### REQUIRED WORK:
From the records below, transcribe only the lines running from the one with "obtain e where" through the one with "using that B'(2)". Keep both of those end lines.

Stored items
lemma selfadjoint_invariant_subspace_eigenbasis:
  fixes A :: "'a::euclidean_space \<Rightarrow> 'a"
  assumes lin: "linear A" and sa: "\<And>x y. A x \<bullet> y = x \<bullet> A y"
    and "subspace W" "A ` W \<subseteq> W"
  shows "\<exists>B. finite B \<and> B \<subseteq> W \<and> pairwise orthogonal B \<and>
     (\<forall>b\<in>B. norm b = 1 \<and> A b = (A b \<bullet> b) *\<^sub>R b) \<and> (\<forall>x\<in>W. x = (\<Sum>b\<in>B. (x \<bullet> b) *\<^sub>R b))"
  using assms(3,4)
proof (induction "dim W" arbitrary: W rule: less_induct)
  case less
  show ?case
  proof (cases "W = {0}")
    case True
    then show ?thesis by (intro exI[of _ "{}"]) auto
  next
    case False
    obtain e where eW: "e \<in> W" and en: "norm e = 1" and eA: "A e = (A e \<bullet> e) *\<^sub>R e"
      using selfadjoint_eigenvector_in_invariant_subspace[OF lin sa less(2,3) False] by blast
    have ee: "e \<bullet> e = 1" using en by (simp add: norm_eq_1)
    define W' where "W' = W \<inter> {y. orthogonal e y}"
    have sW': "subspace W'"
      unfolding W'_def using less(2) subspace_orthogonal_to_vector[of e] by (rule subspace_inter)
    have AW': "A ` W' \<subseteq> W'"
    proof
      fix z assume "z \<in> A ` W'"
      then obtain x where x: "x \<in> W'" "z = A x" by blast
      have "e \<bullet> A x = A e \<bullet> x" using sa[of e x] by simp
      also have "\<dots> = 0" using x(1) by (subst eA) (simp add: W'_def orthogonal_def)
      finally show "z \<in> W'" using x less(3) by (auto simp: W'_def orthogonal_def)
    qed
    have "e \<notin> W'" using ee by (auto simp: W'_def orthogonal_def)
    with eW have "W' \<subset> W" by (auto simp: W'_def)
    with sW' less(2) have "dim W' < dim W"
      by (metis dim_psubset span_eq_iff)
    from less(1)[OF this sW' AW'] obtain B' where B': "finite B'" "B' \<subseteq> W'" "pairwise orthogonal B'"
      "\<forall>b\<in>B'. norm b = 1 \<and> A b = (A b \<bullet> b) *\<^sub>R b"
      "\<forall>x\<in>W'. x = (\<Sum>b\<in>B'. (x \<bullet> b) *\<^sub>R b)" by blast
    have "e \<notin> B'" using B'(2) \<open>e \<notin> W'\<close> by blast
    have orth_e: "e \<bullet> b = 0" if "b \<in> B'" for b
      using that B'(2) by (auto simp: W'_def orthogonal_def)
    have "x = (\<Sum>b\<in>insert e B'. (x \<bullet> b) *\<^sub>R b)" if "x \<in> W" for x
    proof -
      define x' where "x' = x - (x \<bullet> e) *\<^sub>R e"
      have "x' \<in> W'" unfolding x'_def W'_def orthogonal_def using that eW less(2) ee
        by (auto simp: subspace_diff subspace_scale inner_diff_right inner_commute)
      then have "x' = (\<Sum>b\<in>B'. (x' \<bullet> b) *\<^sub>R b)" using B'(5) by blast
      also have "\<dots> = (\<Sum>b\<in>B'. (x \<bullet> b) *\<^sub>R b)"
        by (intro sum.cong refl) (simp add: x'_def inner_diff_left orth_e)
      finally show ?thesis
        using B'(1) \<open>e \<notin> B'\<close> by (simp add: x'_def algebra_simps)
    qed
    moreover have "pairwise orthogonal (insert e B')"
      using B'(3) orth_e by (auto simp: pairwise_insert orthogonal_def inner_commute)
    ultimately show ?thesis
      using B'(1,2,4) eW en eA by (intro exI[of _ "insert e B'"]) (auto simp: W'_def)
  qed
qed

definition orthonormal_basis :: "'a::real_inner set \<Rightarrow> bool" where
  "orthonormal_basis B \<longleftrightarrow> finite B \<and> pairwise orthogonal B \<and> (\<forall>b\<in>B. norm b = 1) \<and>
     (\<forall>x. x = (\<Sum>b\<in>B. (x \<bullet> b) *\<^sub>R b))"

definition diag_op :: "'a::real_inner set \<Rightarrow> ('a \<Rightarrow> real) \<Rightarrow> ('a \<Rightarrow>\<^sub>L 'a)" where
  "diag_op B g = Blinfun (\<lambda>x. \<Sum>b\<in>B. (g b * (x \<bullet> b)) *\<^sub>R b)"

lemma orthonormal_basis_eqI:
  assumes "orthonormal_basis B" "\<And>b. b \<in> B \<Longrightarrow> x \<bullet> b = y \<bullet> b"
  shows "x = y"
proof -
  have "x = (\<Sum>b\<in>B. (x \<bullet> b) *\<^sub>R b)" "y = (\<Sum>b\<in>B. (y \<bullet> b) *\<^sub>R b)"
    using assms(1) unfolding orthonormal_basis_def by blast+
  then show ?thesis using assms(2) by (metis (no_types, lifting) sum.cong)
qed

lemma orthonormal_basis_inner:
  assumes "orthonormal_basis B" "b \<in> B" "c \<in> B"
  shows "b \<bullet> c = (if b = c then 1 else 0)"
  using assms unfolding orthonormal_basis_def pairwise_def orthogonal_def
  by (auto simp: norm_eq_1)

### RESPONSE TO THIS TASK:
    obtain e where eW: "e \<in> W" and en: "norm e = 1" and eA: "A e = (A e \<bullet> e) *\<^sub>R e"
      using selfadjoint_eigenvector_in_invariant_subspace[OF lin sa less(2,3) False] by blast
    have ee: "e \<bullet> e = 1" using en by (simp add: norm_eq_1)
    define W' where "W' = W \<inter> {y. orthogonal e y}"
    have sW': "subspace W'"
      unfolding W'_def using less(2) subspace_orthogonal_to_vector[of e] by (rule subspace_inter)
    have AW': "A ` W' \<subseteq> W'"
    proof
      fix z assume "z \<in> A ` W'"
      then obtain x where x: "x \<in> W'" "z = A x" by blast
      have "e \<bullet> A x = A e \<bullet> x" using sa[of e x] by simp
      also have "\<dots> = 0" using x(1) by (subst eA) (simp add: W'_def orthogonal_def)
      finally show "z \<in> W'" using x less(3) by (auto simp: W'_def orthogonal_def)
    qed
    have "e \<notin> W'" using ee by (auto simp: W'_def orthogonal_def)
    with eW have "W' \<subset> W" by (auto simp: W'_def)
    with sW' less(2) have "dim W' < dim W"
      by (metis dim_psubset span_eq_iff)
    from less(1)[OF this sW' AW'] obtain B' where B': "finite B'" "B' \<subseteq> W'" "pairwise orthogonal B'"
      "\<forall>b\<in>B'. norm b = 1 \<and> A b = (A b \<bullet> b) *\<^sub>R b"
      "\<forall>x\<in>W'. x = (\<Sum>b\<in>B'. (x \<bullet> b) *\<^sub>R b)" by blast
    have "e \<notin> B'" using B'(2) \<open>e \<notin> W'\<close> by blast
    have orth_e: "e \<bullet> b = 0" if "b \<in> B'" for b
      using that B'(2) by (auto simp: W'_def orthogonal_def)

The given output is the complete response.